*** DATA SHOWN ***

section \<open>Extending a continuous linear map\<close>

lemma image_ms_restrict_eq_sum:
  fixes \<beta> :: "mseries \<Rightarrow> complex fps"
  assumes lin_add: "\<And>f g. f \<in> U_lin \<Longrightarrow> g \<in> U_lin \<Longrightarrow> \<beta> (ms_add f g) = \<beta> f + \<beta> g"
    and lin_scale: "\<And>c f. f \<in> U_lin \<Longrightarrow> \<beta> (ms_scale c f) = fps_const c * \<beta> f"
    and f: "f \<in> U_lin" and F: "finite F" "F \<subseteq> fsupp_seqs"
  shows "\<beta> (ms_restrict F f) = (\<Sum>r\<in>F. fps_const (f r) * fps_monomial (\<lambda>i. \<beta> (ms_var i)) r)"
  using F
proof (induction F rule: finite_induct)
  case empty
  have "ms_restrict {} f = ms_scale 0 (\<lambda>_. 0)" by (simp add: ms_restrict_def ms_scale_def)
  then show ?case using lin_scale[OF zero_in_U_lin, of 0] by simp
next
  case (insert r F)
  have IH: "\<beta> (ms_restrict F f) = (\<Sum>r\<in>F. fps_const (f r) * fps_monomial (\<lambda>i. \<beta> (ms_var i)) r)"
    using insert by simp
  show ?case
  proof (cases "msize r = 1")
    case True
    with insert.prems obtain i where i: "r = unit_index i"
      using msize_eq_1_imp_unit_index by blast
    have "ms_restrict (insert r F) f = ms_add (ms_restrict F f) (ms_scale (f r) (ms_var i))"
      using insert.hyps(2) by (auto simp: ms_restrict_def ms_add_def ms_scale_def ms_var_def i)
    then show ?thesis
      using insert.hyps IH
      by (simp add: lin_add ms_restrict_in_U_lin[OF f] ms_scale_in_U_lin ms_var_in_U_lin
          lin_scale fps_monomial_unit_index i add.commute)
  next
    case False
    then have "f r = 0" using f by (simp add: U_lin_def)
    then have "ms_restrict (insert r F) f = ms_restrict F f" by (auto simp: ms_restrict_def)
    then show ?thesis using IH insert.hyps \<open>f r = 0\<close> by simp
  qed
qed

lemma bounded_images_ms_var:
  fixes \<beta> :: "mseries \<Rightarrow> complex fps"
  assumes lin_scale: "\<And>c f. f \<in> U_lin \<Longrightarrow> \<beta> (ms_scale c f) = fps_const c * \<beta> f"
    and cont: "continuous_map (subtopology U_top U_lin) fps_top \<beta>"
  obtains M where "\<And>i n. norm (\<beta> (ms_var i) $ n) \<le> M n"
proof -
  have "\<beta> (\<lambda>_. 0) = 0"
    using lin_scale[OF zero_in_U_lin, of 0] by (simp add: ms_scale_def)
  have "\<exists>K. \<forall>i. norm (\<beta> (ms_var i) $ n) \<le> K" for n
  proof -
    have "continuous_map (subtopology U_top U_lin) euclidean (\<lambda>g. \<beta> g $ n)"
      using cont continuous_map_fps_top_iff by blast
    then obtain m e where "e > 0" and close:
      "\<And>g. g \<in> U_lin \<Longrightarrow> qnorm m (\<lambda>r. g r - 0) < e \<Longrightarrow> dist (\<beta> g $ n) (\<beta> (\<lambda>_. 0) $ n) < 1"
      using continuous_map_U_top_qnormE[OF _ U_lin_subset_U_alg zero_in_U_lin zero_less_one] by blast
    define c where "c = e / (real m + 1)"
    have "c > 0" using \<open>e > 0\<close> by (simp add: c_def)
    have "c * real m < e"
      using \<open>e > 0\<close> by (simp add: c_def field_simps)
    have "norm (\<beta> (ms_var i) $ n) \<le> 1 / c" for i
    proof -
      have "dist (\<beta> (ms_scale c (ms_var i)) $ n) (\<beta> (\<lambda>_. 0) $ n) < 1"
        using close[OF ms_scale_in_U_lin[OF ms_var_in_U_lin]] \<open>c > 0\<close> \<open>c * real m < e\<close>
        by (simp add: qnorm_scale_ms_var)
      then have "c * norm (\<beta> (ms_var i) $ n) < 1"
        using \<open>\<beta> (\<lambda>_. 0) = 0\<close> \<open>c > 0\<close>
        by (simp add: lin_scale[OF ms_var_in_U_lin] dist_norm norm_mult)
      then show ?thesis using \<open>c > 0\<close> by (simp add: field_simps)
    qed
    then show ?thesis by blast
  qed
  then have "\<exists>M. \<forall>n. \<forall>i. norm (\<beta> (ms_var i) $ n) \<le> M n" by (intro choice allI)
  then show ?thesis using that by blast
qed
lemma inner_skew_mul_self:
  fixes A :: "real^'n^'n" and X :: "real^'k^'n"
  assumes "transpose A = - A"
  shows "inner X (A ** X) = 0"
proof -
  have "inner (A ** X) X = - inner X (A ** X)"
    using assms by (simp add: inner_matrix_mul_left matrix_mul_uminus_left)
  then show ?thesis
    by (simp add: inner_commute)
qed

lemma inner_skew_mult_vec_self:
  fixes A :: "real^'n^'n"
  assumes "transpose A = - A"
  shows "inner y (A *v y) = 0"
proof -
  have "inner (A *v y) y = inner y (transpose A *v y)"
    by (metis dot_lmul_matrix inner_commute transpose_matrix_vector)
  also have "\<dots> = - inner y (A *v y)"
    using assms by (simp add: matrix_vector_mult_def inner_vec_def sum_negf vec_eq_iff)
  finally show ?thesis
    by (simp add: inner_commute)
qed

lemma norm_le_norm_id_minus_skew_mul:
  fixes A :: "real^'n^'n" and X :: "real^'k^'n"
  assumes "transpose A = - A"
  shows "norm X \<le> norm ((mat 1 - A) ** X)"
proof -
  have "(norm ((mat 1 - A) ** X))\<^sup>2 = (norm X)\<^sup>2 - 2 * inner X (A ** X) + (norm (A ** X))\<^sup>2"
    by (simp add: matrix_diff_rdistrib power2_norm_eq_inner inner_diff_left inner_diff_right
        inner_commute)
  then have "(norm X)\<^sup>2 \<le> (norm ((mat 1 - A) ** X))\<^sup>2"
    by (simp add: inner_skew_mul_self[OF assms])
  then show ?thesis
    by (metis power2_le_imp_le norm_ge_zero)
qed

lemma id_minus_skew_invertible:
  fixes A :: "real^'n^'n"
  assumes "transpose A = - A"
  obtains B where "B ** (mat 1 - A) = mat 1" "(mat 1 - A) ** B = mat 1"
proof -
  have "y = 0" if "(mat 1 - A) *v y = 0" for y
  proof -
    from that have "y = A *v y"
      by (simp add: algebra_simps)
    then have "inner y y = inner y (A *v y)"
      by simp
    then show "y = 0"
      by (simp add: inner_skew_mult_vec_self[OF assms])
  qed
  then obtain B where "B ** (mat 1 - A) = mat 1"
    using matrix_left_invertible_ker by blast
  then show ?thesis
    using that matrix_left_right_inverse by blast
qed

***

• ABOUT THIS EXERCISE
The stretch of entries above that starts with the line containing "i) $ n) \<le> 1" and goes on through the line containing "finally show ?thesis" is to be transcribed exactly, and no other line is to be transcribed.

• ANSWER TO THE EXERCISE
    have "norm (\<beta> (ms_var i) $ n) \<le> 1 / c" for i
    proof -
      have "dist (\<beta> (ms_scale c (ms_var i)) $ n) (\<beta> (\<lambda>_. 0) $ n) < 1"
        using close[OF ms_scale_in_U_lin[OF ms_var_in_U_lin]] \<open>c > 0\<close> \<open>c * real m < e\<close>
        by (simp add: qnorm_scale_ms_var)
      then have "c * norm (\<beta> (ms_var i) $ n) < 1"
        using \<open>\<beta> (\<lambda>_. 0) = 0\<close> \<open>c > 0\<close>
        by (simp add: lin_scale[OF ms_var_in_U_lin] dist_norm norm_mult)
      then show ?thesis using \<open>c > 0\<close> by (simp add: field_simps)
    qed
    then show ?thesis by blast
  qed
  then have "\<exists>M. \<forall>n. \<forall>i. norm (\<beta> (ms_var i) $ n) \<le> M n" by (intro choice allI)
  then show ?thesis using that by blast
qed
lemma inner_skew_mul_self:
  fixes A :: "real^'n^'n" and X :: "real^'k^'n"
  assumes "transpose A = - A"
  shows "inner X (A ** X) = 0"
proof -
  have "inner (A ** X) X = - inner X (A ** X)"
    using assms by (simp add: inner_matrix_mul_left matrix_mul_uminus_left)
  then show ?thesis
    by (simp add: inner_commute)
qed

lemma inner_skew_mult_vec_self:
  fixes A :: "real^'n^'n"
  assumes "transpose A = - A"
  shows "inner y (A *v y) = 0"
proof -
  have "inner (A *v y) y = inner y (transpose A *v y)"
    by (metis dot_lmul_matrix inner_commute transpose_matrix_vector)
  also have "\<dots> = - inner y (A *v y)"
    using assms by (simp add: matrix_vector_mult_def inner_vec_def sum_negf vec_eq_iff)
  finally show ?thesis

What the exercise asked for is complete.